PROBLEM: Your task is to filter the data below down to the lines holding "finally".

*** EXERCISE DATA ***

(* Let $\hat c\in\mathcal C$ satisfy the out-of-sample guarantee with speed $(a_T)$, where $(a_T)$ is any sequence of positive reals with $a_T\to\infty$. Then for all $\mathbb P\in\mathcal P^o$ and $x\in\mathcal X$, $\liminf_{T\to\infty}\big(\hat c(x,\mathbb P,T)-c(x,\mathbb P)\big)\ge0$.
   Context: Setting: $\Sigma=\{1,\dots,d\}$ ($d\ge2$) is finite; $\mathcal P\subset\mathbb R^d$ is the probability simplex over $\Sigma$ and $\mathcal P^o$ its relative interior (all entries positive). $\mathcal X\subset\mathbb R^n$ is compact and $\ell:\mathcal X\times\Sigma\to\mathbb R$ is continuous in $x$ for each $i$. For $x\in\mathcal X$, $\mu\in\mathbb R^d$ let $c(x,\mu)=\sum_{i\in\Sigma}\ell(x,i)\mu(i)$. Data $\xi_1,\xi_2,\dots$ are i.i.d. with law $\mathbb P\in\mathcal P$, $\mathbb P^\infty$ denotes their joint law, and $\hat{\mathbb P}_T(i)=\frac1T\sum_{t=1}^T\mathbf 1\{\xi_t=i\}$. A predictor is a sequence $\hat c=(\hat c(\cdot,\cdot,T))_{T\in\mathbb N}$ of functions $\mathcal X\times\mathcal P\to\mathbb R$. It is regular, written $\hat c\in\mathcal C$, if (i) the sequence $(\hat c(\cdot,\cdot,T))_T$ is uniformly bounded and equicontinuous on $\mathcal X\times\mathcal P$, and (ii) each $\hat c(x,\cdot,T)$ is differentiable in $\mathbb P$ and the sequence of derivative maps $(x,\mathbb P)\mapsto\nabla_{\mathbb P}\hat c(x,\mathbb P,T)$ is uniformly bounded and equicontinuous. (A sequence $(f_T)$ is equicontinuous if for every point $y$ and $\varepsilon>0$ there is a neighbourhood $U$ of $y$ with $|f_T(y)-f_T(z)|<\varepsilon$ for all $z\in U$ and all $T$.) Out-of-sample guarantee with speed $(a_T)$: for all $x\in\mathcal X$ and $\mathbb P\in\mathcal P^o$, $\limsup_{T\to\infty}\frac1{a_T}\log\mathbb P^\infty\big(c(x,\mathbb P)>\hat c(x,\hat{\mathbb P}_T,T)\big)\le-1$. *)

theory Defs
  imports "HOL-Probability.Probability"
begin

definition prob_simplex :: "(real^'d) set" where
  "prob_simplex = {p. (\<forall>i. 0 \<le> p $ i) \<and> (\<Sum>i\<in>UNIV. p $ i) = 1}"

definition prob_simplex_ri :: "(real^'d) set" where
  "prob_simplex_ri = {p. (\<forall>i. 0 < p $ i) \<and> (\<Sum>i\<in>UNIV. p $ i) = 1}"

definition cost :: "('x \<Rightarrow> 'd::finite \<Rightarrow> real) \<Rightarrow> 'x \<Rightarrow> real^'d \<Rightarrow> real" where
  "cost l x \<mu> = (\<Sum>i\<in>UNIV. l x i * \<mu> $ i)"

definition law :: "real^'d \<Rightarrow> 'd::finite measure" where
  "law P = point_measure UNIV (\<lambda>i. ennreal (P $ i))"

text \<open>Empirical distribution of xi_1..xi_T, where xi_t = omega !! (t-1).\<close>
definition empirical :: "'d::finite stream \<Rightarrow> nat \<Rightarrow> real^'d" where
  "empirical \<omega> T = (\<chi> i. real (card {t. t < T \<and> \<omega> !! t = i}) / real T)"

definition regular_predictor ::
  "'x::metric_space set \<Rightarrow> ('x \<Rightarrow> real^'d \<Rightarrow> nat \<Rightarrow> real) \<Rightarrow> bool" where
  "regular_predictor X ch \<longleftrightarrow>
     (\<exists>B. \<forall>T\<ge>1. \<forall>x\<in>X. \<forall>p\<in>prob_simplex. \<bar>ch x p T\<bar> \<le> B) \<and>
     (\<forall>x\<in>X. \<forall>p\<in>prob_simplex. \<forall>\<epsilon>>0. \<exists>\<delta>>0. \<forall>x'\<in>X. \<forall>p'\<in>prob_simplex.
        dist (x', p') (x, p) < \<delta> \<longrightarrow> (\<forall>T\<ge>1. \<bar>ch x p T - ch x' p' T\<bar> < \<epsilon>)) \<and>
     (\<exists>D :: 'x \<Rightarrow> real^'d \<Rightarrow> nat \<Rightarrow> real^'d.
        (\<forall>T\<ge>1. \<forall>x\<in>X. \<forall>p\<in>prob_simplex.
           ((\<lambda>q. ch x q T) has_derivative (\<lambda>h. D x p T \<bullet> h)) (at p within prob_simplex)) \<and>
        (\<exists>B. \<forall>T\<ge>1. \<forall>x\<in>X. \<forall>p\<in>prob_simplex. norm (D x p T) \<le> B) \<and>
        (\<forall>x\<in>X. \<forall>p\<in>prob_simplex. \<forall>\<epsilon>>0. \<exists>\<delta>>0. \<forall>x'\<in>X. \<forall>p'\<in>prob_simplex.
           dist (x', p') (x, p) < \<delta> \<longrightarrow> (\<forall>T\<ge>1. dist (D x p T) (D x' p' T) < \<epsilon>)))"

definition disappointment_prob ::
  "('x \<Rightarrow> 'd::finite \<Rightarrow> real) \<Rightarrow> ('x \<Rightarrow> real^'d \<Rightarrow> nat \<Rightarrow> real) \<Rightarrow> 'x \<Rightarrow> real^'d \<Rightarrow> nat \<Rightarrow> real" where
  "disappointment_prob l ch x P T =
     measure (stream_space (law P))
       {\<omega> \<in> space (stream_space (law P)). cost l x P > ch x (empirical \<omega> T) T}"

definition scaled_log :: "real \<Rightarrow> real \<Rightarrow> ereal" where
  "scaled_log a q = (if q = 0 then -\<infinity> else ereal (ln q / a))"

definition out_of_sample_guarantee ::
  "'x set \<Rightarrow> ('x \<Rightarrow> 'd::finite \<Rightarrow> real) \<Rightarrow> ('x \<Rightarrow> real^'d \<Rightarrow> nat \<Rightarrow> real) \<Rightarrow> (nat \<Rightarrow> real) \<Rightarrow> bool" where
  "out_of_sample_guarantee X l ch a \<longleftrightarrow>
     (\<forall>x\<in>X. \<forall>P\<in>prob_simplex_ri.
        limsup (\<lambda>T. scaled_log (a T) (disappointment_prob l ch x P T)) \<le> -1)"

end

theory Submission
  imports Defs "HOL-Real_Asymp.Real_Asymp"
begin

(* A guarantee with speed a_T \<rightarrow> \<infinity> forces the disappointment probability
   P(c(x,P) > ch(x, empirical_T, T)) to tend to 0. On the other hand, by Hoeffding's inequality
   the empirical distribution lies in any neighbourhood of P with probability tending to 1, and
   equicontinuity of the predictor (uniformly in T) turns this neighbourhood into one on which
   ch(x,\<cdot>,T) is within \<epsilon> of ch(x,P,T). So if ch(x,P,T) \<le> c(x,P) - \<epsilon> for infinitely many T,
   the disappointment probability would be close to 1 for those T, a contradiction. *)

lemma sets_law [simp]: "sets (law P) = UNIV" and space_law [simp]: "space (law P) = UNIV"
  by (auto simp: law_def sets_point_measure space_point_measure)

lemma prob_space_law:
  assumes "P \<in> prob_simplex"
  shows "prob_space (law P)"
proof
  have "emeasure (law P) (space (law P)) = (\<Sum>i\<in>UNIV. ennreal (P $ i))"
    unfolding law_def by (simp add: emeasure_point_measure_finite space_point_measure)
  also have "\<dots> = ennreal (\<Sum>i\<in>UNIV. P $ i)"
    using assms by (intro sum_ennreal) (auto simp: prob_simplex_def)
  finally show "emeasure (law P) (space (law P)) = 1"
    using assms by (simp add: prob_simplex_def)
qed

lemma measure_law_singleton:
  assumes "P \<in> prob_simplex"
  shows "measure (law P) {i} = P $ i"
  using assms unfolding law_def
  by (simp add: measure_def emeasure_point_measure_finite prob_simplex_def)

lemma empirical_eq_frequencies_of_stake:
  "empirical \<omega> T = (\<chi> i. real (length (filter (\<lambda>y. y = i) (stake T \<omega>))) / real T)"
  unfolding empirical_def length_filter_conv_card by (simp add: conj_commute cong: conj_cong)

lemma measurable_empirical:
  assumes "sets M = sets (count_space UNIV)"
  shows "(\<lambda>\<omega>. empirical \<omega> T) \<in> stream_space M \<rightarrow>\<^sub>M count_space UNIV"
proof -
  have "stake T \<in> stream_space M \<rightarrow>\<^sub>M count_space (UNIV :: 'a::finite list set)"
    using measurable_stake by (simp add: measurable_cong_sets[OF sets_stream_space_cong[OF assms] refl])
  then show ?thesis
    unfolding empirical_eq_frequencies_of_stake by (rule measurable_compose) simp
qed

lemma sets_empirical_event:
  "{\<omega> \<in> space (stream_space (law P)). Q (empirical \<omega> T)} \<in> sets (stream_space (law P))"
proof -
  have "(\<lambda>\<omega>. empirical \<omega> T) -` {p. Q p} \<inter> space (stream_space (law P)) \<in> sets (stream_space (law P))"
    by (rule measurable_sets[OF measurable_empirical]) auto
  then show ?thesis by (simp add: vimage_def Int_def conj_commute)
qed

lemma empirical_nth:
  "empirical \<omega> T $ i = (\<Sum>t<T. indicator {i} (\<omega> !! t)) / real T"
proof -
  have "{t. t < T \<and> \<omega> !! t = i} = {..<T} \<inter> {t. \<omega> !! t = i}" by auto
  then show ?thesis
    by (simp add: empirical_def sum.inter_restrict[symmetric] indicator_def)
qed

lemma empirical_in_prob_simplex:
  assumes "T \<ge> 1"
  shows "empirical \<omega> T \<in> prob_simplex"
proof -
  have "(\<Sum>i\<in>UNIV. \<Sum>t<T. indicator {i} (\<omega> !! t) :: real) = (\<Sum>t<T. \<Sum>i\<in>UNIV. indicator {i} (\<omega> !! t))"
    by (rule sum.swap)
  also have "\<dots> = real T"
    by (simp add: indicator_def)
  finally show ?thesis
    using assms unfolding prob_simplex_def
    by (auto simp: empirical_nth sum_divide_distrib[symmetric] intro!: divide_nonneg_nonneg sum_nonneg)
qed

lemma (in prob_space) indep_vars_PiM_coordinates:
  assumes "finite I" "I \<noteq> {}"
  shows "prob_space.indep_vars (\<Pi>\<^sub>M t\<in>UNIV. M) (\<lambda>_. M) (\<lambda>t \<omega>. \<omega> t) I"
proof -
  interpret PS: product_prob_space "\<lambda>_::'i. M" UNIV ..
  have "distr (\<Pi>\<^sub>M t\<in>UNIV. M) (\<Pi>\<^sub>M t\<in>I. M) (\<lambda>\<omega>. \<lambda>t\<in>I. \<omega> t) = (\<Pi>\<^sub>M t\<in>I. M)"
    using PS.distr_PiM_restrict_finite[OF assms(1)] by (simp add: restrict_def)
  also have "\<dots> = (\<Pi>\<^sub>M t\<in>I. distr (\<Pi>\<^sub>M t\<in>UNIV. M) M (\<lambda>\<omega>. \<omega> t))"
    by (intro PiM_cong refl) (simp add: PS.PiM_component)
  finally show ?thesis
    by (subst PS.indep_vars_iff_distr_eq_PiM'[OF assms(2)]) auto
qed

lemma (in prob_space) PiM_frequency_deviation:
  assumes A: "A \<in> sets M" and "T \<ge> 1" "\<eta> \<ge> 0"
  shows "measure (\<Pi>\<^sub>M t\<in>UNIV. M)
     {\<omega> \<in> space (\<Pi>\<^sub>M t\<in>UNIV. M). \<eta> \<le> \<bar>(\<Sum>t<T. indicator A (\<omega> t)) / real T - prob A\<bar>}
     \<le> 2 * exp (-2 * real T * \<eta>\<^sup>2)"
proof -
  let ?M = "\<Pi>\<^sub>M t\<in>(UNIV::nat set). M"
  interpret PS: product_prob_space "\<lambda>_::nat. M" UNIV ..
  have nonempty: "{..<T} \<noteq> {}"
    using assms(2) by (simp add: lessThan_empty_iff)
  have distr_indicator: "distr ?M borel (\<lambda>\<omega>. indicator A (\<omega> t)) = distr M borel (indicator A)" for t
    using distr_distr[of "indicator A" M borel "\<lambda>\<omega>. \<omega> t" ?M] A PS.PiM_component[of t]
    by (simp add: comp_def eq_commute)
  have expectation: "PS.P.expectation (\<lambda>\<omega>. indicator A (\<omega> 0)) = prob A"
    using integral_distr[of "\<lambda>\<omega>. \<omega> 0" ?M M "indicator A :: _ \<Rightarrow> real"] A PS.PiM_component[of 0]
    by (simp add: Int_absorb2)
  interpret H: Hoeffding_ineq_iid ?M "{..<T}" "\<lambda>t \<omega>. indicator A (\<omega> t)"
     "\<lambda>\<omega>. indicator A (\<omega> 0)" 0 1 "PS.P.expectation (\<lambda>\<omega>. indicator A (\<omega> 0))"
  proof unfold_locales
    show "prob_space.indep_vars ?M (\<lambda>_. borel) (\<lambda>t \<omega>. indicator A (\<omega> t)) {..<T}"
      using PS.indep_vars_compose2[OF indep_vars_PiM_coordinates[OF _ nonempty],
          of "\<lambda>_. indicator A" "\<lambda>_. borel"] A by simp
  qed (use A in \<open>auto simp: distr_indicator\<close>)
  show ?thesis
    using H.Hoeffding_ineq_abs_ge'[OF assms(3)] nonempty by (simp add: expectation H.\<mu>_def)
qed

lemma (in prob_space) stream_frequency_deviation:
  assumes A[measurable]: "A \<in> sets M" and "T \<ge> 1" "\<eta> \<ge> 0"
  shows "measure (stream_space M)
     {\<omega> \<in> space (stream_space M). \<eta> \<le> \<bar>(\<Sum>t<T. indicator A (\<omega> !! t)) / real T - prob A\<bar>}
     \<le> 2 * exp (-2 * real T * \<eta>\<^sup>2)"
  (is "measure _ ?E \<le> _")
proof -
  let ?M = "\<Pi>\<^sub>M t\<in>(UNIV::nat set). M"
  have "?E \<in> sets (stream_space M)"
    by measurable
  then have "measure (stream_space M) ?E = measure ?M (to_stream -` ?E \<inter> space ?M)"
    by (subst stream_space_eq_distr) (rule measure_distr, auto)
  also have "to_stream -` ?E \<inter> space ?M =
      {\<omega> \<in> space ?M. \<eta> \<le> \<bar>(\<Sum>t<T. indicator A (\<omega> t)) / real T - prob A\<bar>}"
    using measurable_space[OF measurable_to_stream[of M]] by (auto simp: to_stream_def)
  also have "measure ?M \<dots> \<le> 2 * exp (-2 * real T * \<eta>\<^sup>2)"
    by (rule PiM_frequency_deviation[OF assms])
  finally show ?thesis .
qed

*** End of EXERCISE DATA ***

EXERCISE RESPONSE:
  finally show "emeasure (law P) (space (law P)) = 1"
  finally show ?thesis
  finally show ?thesis
  finally show ?thesis .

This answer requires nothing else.